Leader Andrew Scheer supports
the Trans Mountain expansion. But more is needed to encourage oil and gas projects, say Conservatives. That includes repealing the carbon tax and Bill C-69, which overhauled federal environmental assessments of major construction projects, and ending the ban on shipping oil on the B.C. north coast. Scheer would use federal powers to declare a major project in the national interest. Criticizing the Liberal approach, Scheer said: “Not a single inch of new pipeline has been laid.”
Leader Jagmeet Singh wants
the Trans Mountain expansion abandoned, saying it will undermine efforts to fight climate change. The NDP also worry about ocean spill risks. Approval of the project ignores violations of Indigenous rights, says the party. In criticizing Liberal approval of the project, Singh said: “While they’re great with symbolic gestures like voting for a climate change emergency, they do the opposite of helping the environment the very next day with the approval of this pipeline expansion.”
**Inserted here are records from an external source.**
lemma quadratic_energy_has_derivative:
  fixes A :: "real^'n^'n"
  assumes A: "transpose A = A" and V: "(V has_derivative (\<lambda>z. g \<bullet> z)) (at y)"
  shows "((\<lambda>y. 1/2 * (y \<bullet> (A *v y)) + V y) has_derivative (\<lambda>z. (A *v y + g) \<bullet> z)) (at y)"
proof -
  have sym: "x \<bullet> (A *v z) = (A *v x) \<bullet> z" for x z
  proof -
    have "x \<bullet> (A *v z) = (x v* A) \<bullet> z"
      by (simp add: dot_lmul_matrix)
    also have "x v* A = transpose A *v x"
      by simp
    finally show ?thesis
      using A by simp
  qed
  have "((\<lambda>y. y \<bullet> (A *v y)) has_derivative (\<lambda>z. y \<bullet> (A *v z) + z \<bullet> (A *v y))) (at y)"
    by (rule has_derivative_inner[OF has_derivative_ident
        bounded_linear.has_derivative[OF matrix_vector_mul_bounded_linear has_derivative_ident]])
  then have "((\<lambda>y. 1/2 * (y \<bullet> (A *v y)) + V y) has_derivative
               (\<lambda>z. 1/2 * (y \<bullet> (A *v z) + z \<bullet> (A *v y)) + g \<bullet> z)) (at y)"
    by (intro has_derivative_add V has_derivative_mult_right)
  moreover have "1/2 * (y \<bullet> (A *v z) + z \<bullet> (A *v y)) + g \<bullet> z = (A *v y + g) \<bullet> z" for z
    using sym[of y z] inner_commute[of z "A *v y"] by (simp add: inner_add_left)
  ultimately show ?thesis
    by (simp add: fun_eq_iff)
qed

lemma quadratic_energy_collocation_has_real_derivative:
  fixes A M :: "real^'n^'n"
  assumes A: "transpose A = A" and V: "(V has_derivative (\<lambda>z. g \<bullet> z)) (at (u \<tau>))"
    and u: "(u has_vector_derivative h *\<^sub>R v) (at \<tau> within S)"
    and collocation: "M *v v + A *v u \<tau> = - p"
  shows "((\<lambda>\<tau>. 1/2 * (u \<tau> \<bullet> (A *v u \<tau>)) + V (u \<tau>)) has_real_derivative
           h * (v \<bullet> (g - p)) - h * (v \<bullet> (M *v v))) (at \<tau> within S)"
proof -
  have Au: "A *v u \<tau> = - p - M *v v"
    using collocation by (simp add: eq_diff_eq add.commute)
  have rate: "(A *v u \<tau> + g) \<bullet> (h *\<^sub>R v) = h * (v \<bullet> (g - p)) - h * (v \<bullet> (M *v v))"
    unfolding Au by (simp add: inner_add_left inner_diff_left inner_diff_right inner_commute[of v] algebra_simps)
  from has_real_derivative_compose_gradient[OF u quadratic_energy_has_derivative[OF A V]]
  show ?thesis
    by (simp only: rate)
qed
lemma sum_Nmon_homog_parts_le:
  assumes "finite A" "inj_on f A"
  shows "(\<Sum>k\<in>A. Nmon (homog_part (f k) p)) \<le> Nmon p"
proof -
  have supp: "bsupp (homog_part d p) = {(i, j) \<in> bsupp p. i + j = d}" for d
    by (auto simp: bsupp_def bcoeff_homog_part split: if_splits)
  have "(\<Sum>k\<in>A. Nmon (homog_part (f k) p)) = card (\<Union>k\<in>A. bsupp (homog_part (f k) p))"
    unfolding Nmon_def using assms
    by (intro card_UN_disjoint[symmetric]) (auto simp: finite_bsupp supp[symmetric], auto simp: supp dest: inj_onD)
  also have "\<dots> \<le> Nmon p"
    unfolding Nmon_def by (intro card_mono finite_bsupp) (auto simp: supp)
  finally show ?thesis .
qed

section \<open>Evaluation\<close>

lemma poly_eq_sum_atMost:
  fixes p :: "'a::comm_semiring_1 poly"
  assumes "degree p \<le> n"
  shows "poly p x = (\<Sum>i\<le>n. coeff p i * x ^ i)"
  using assms
  by (subst poly_as_sum_of_monoms'[of p n, symmetric]) (simp_all add: poly_sum poly_monom)

lemma beval_eq_box_sum:
  "beval p x y = (\<Sum>i\<le>tdeg p. \<Sum>j\<le>tdeg p. of_real (bcoeff p i j) * x ^ i * y ^ j)"
proof -
  have inner: "(\<Sum>j\<le>degree (coeff p i). of_real (bcoeff p i j) * x ^ i * y ^ j)
             = (\<Sum>j\<le>tdeg p. of_real (bcoeff p i j) * x ^ i * (y::'a) ^ j)" for i
    using degree_coeff_le_tdeg
    by (intro sum.mono_neutral_left) (auto simp: bcoeff_def coeff_eq_0)
  show ?thesis
    unfolding beval_def inner using degree_le_tdeg
    by (intro sum.mono_neutral_left) (auto simp: bcoeff_def coeff_eq_0)
qed

lemma beval_homog:
  fixes x y s :: "'a::{real_algebra_1, comm_ring_1}"
  assumes "homog d p"
  shows "beval p (s * x) (s * y) = s ^ d * beval p x y"
proof -
  have "of_real (bcoeff p i j) * (s * x) ^ i * (s * y) ^ j
      = s ^ d * (of_real (bcoeff p i j) * x ^ i * y ^ j)" for i j
  proof (cases "bcoeff p i j = 0")
    case False
    then have "d = i + j"
      using assms by (simp add: homog_def)
    then show ?thesis
      by (simp add: power_mult_distrib power_add mult_ac)
  qed simp
  then show ?thesis
    by (simp add: beval_eq_box_sum sum_distrib_left)
qed
(* Let $\mathcal H$ be an infinite-dimensional separable Hilbert space with orthonormal basis $\{|\varphi_i\rangle\}_{i=1}^\infty$, and let $\big[\langle\varphi_i|\hat\varrho|\varphi_j\rangle\big]_{i,j=1}^{\infty}$ be an infinite complex matrix. This matrix represents a quantum state (i.e. is the matrix of a density operator in this basis) if and only if: (i) $\sum_{i,j=1}^{\infty}|\langle\varphi_i|\hat\varrho|\varphi_j\rangle|^2\le 1$; (ii) $\langle\varphi_i|\hat\varrho|\varphi_j\rangle=\overline{\langle\varphi_j|\hat\varrho|\varphi_i\rangle}$ for all $1\le i,j<\infty$; (iii) \[\lim_{n\to\infty}\sum_{k=0}^{n}(-1)^k\binom{n}{k}\sum_{i=1}^{\infty}\langle\varphi_i|\hat\varrho^{k+1}|\varphi_i\rangle=0;\] (iv) $\sum_{i=1}^{\infty}\langle\varphi_i|\hat\varrho|\varphi_i\rangle=1$.
   Context: A density operator on $\mathcal H$ is an operator $\hat\varrho:\mathcal H\to\mathcal H$ defined on all of $\mathcal H$ which is positive, self-adjoint, and has trace $1$. When condition (i) holds, the matrix defines a unique Hilbert–Schmidt operator $\hat\varrho$ on $\mathcal H$ with the given matrix elements; powers refer to this operator. *)

theory Defs
  imports "HOL-Analysis.Analysis"
begin

text \<open>Concrete model of an infinite-dimensional separable Hilbert space: the space
  l2 of square-summable complex sequences indexed by nat, with orthonormal basis
  the standard unit vectors (basis vector i corresponds to the paper's phi_(i+1)).\<close>

definition l2 :: "(nat \<Rightarrow> complex) set" where
  "l2 = {x. summable (\<lambda>i. (cmod (x i))^2)}"

definition cinner :: "(nat \<Rightarrow> complex) \<Rightarrow> (nat \<Rightarrow> complex) \<Rightarrow> complex" where
  "cinner x y = (\<Sum>i. cnj (x i) * y i)"

definition basis_vec :: "nat \<Rightarrow> nat \<Rightarrow> complex" where
  "basis_vec i = (\<lambda>j. if j = i then 1 else 0)"

definition density_operator :: "((nat \<Rightarrow> complex) \<Rightarrow> (nat \<Rightarrow> complex)) \<Rightarrow> bool" where
  "density_operator T \<longleftrightarrow>
     (\<forall>x\<in>l2. T x \<in> l2) \<and>
     (\<forall>x\<in>l2. \<forall>y\<in>l2. \<forall>a b. T (\<lambda>i. a * x i + b * y i) = (\<lambda>i. a * T x i + b * T y i)) \<and>
     (\<forall>x\<in>l2. \<forall>y\<in>l2. cinner x (T y) = cinner (T x) y) \<and>
     (\<forall>x\<in>l2. 0 \<le> Re (cinner x (T x))) \<and>
     ((\<lambda>i. cinner (basis_vec i) (T (basis_vec i))) sums 1)"

definition represents_state :: "(nat \<Rightarrow> nat \<Rightarrow> complex) \<Rightarrow> bool" where
  "represents_state M \<longleftrightarrow>
     (\<exists>T. density_operator T \<and>
          (\<forall>i j. cinner (basis_vec i) (T (basis_vec j)) = M i j))"
(* Let $p$ be a prime, $\overline{\mathbb{F}}_p$ an algebraic closure of $\mathbb{F}_p$, and let $V$ be a finite subgroup of the additive group of $\overline{\mathbb{F}}_p$. For any finite additive subgroup $U\subseteq\overline{\mathbb{F}}_p$ put $L_U(T)=\prod_{u\in U}(T-u)$. Let $f(x)\in\overline{\mathbb{F}}_p[x]$ and $h(T,x)=L_V(T)-f(x)\in\overline{\mathbb{F}}_p[T,x]$. Then $h(T,x)$ is reducible in $\overline{\mathbb{F}}_p[T,x]$ if and only if there exist a polynomial $g(x)\in\overline{\mathbb{F}}_p[x]$ and a proper subgroup $W\subsetneq V$ such that $f(x)=L_{W'}(g(x))$, where $W'=L_W(V)=\{L_W(v):v\in V\}$.
   Context: For a finite additive subgroup $U$ of $\overline{\mathbb{F}}_p$, $L_U(T)$ is a separable $\mathbb{F}_p$-linear (additive) polynomial of degree $|U|$, and $L_U:\overline{\mathbb{F}}_p\to\overline{\mathbb{F}}_p$ is an additive homomorphism with kernel $U$. *)

theory Defs
  imports "HOL-Computational_Algebra.Computational_Algebra"
begin

definition finite_additive_subgroup :: "'a::field set \<Rightarrow> bool" where
  "finite_additive_subgroup U \<longleftrightarrow> finite U \<and> 0 \<in> U \<and>
     (\<forall>a\<in>U. \<forall>b\<in>U. a + b \<in> U) \<and> (\<forall>a\<in>U. - a \<in> U)"

definition subspace_poly :: "'a::field set \<Rightarrow> 'a poly" where
  "subspace_poly U = (\<Prod>u\<in>U. [:- u, 1:])"

definition algebraic_over_prime_field :: "'a::field itself \<Rightarrow> bool" where
  "algebraic_over_prime_field TYPE('a) \<longleftrightarrow>
     (\<forall>x::'a. \<exists>q. q \<noteq> 0 \<and> (\<forall>i. coeff q i \<in> range of_int) \<and> poly q x = 0)"

text \<open>Bivariate polynomials in T and x are represented as 'a poly poly:
  the outer variable is T, the coefficients are polynomials in x.
  h(T,x) = L_V(T) - f(x).\<close>
definition h_poly :: "'a::field set \<Rightarrow> 'a poly \<Rightarrow> 'a poly poly" where
  "h_poly V f = map_poly (\<lambda>c. [:c:]) (subspace_poly V) - [:f:]"

end

theory Submission
  imports Defs
begin

(*
  If f = L_W'(g), then L_V = L_W' o L_W, so L_W(T) - g(x) divides
  h = L_W'(L_W(T)) - L_W'(g(x)); its T-degree |W| lies strictly between 0 and |V|.

  Conversely, a proper factor of h gives a monic irreducible factor A of L_V(T) - f over
  K = F(x). Let W be the stabiliser of A under the translations T -> T + v, v in V. The
  |V|/|W| distinct translates of A are irreducible factors of the translation-invariant
  L_V(T) - f, so deg A <= |W|, and since A(T) - A(0) vanishes on W it equals L_W; thus
  A = L_W - g with g in K. Now A divides both L_V - f and
  L_V - L_W'(g) = (L_W' - L_W'(g)) o L_W, hence the constant L_W'(g) - f, which must vanish.
  Finally g is a root of the monic polynomial L_W'(T) - f over F[x], so g lies in F[x].
*)

lemma finite_additive_subgroupD:
  assumes "finite_additive_subgroup U"
  shows "finite U" "0 \<in> U" "a \<in> U \<Longrightarrow> b \<in> U \<Longrightarrow> a + b \<in> U" "a \<in> U \<Longrightarrow> - a \<in> U"
    "a \<in> U \<Longrightarrow> b \<in> U \<Longrightarrow> a - b \<in> U"
proof -
  show U: "finite U" "0 \<in> U" "a \<in> U \<Longrightarrow> b \<in> U \<Longrightarrow> a + b \<in> U" "a \<in> U \<Longrightarrow> - a \<in> U" for a b
    using assms unfolding finite_additive_subgroup_def by blast+
  show "a \<in> U \<Longrightarrow> b \<in> U \<Longrightarrow> a - b \<in> U"
    using U(3)[of a "- b"] U(4)[of b] by simp
qed

lemma card_gt_0_if_finite_additive_subgroup: "finite_additive_subgroup U \<Longrightarrow> 0 < card U"
  using finite_additive_subgroupD(1,2) card_gt_0_iff by blast

section \<open>Monic polynomials and irreducible factors\<close>

lemma monic_dvd_imp_eq:
  fixes p q :: "'a::idom poly"
  assumes "lead_coeff p = 1" "lead_coeff q = 1" "p dvd q" "degree q \<le> degree p"
  shows "p = q"
proof -
  obtain r where r: "q = p * r" using assms(3) ..
  have "p \<noteq> 0" "r \<noteq> 0" using assms(1,2) r by auto
  then have "degree r = 0" using assms(4) r degree_mult_eq by fastforce
  then obtain c where "r = [:c:]" by (rule degree_eq_zeroE)
  moreover have "lead_coeff r = 1" using assms(1,2) r by (simp add: lead_coeff_mult)
  ultimately show ?thesis using r by (simp add: one_pCons)
qed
Leader Elizabeth May was arrested in Burnaby in 2018 for protesting the Trans Mountain expansion. “The commitment to build a pipeline in 2018, when we are in climate crisis, is a crime against future generations and I will not be part of it,” said May. The Greens would cancel the project. The party would cut subsidies to fossil fuel industries of several billion dollars a year and would redirect the money toward a transition to renewable energy.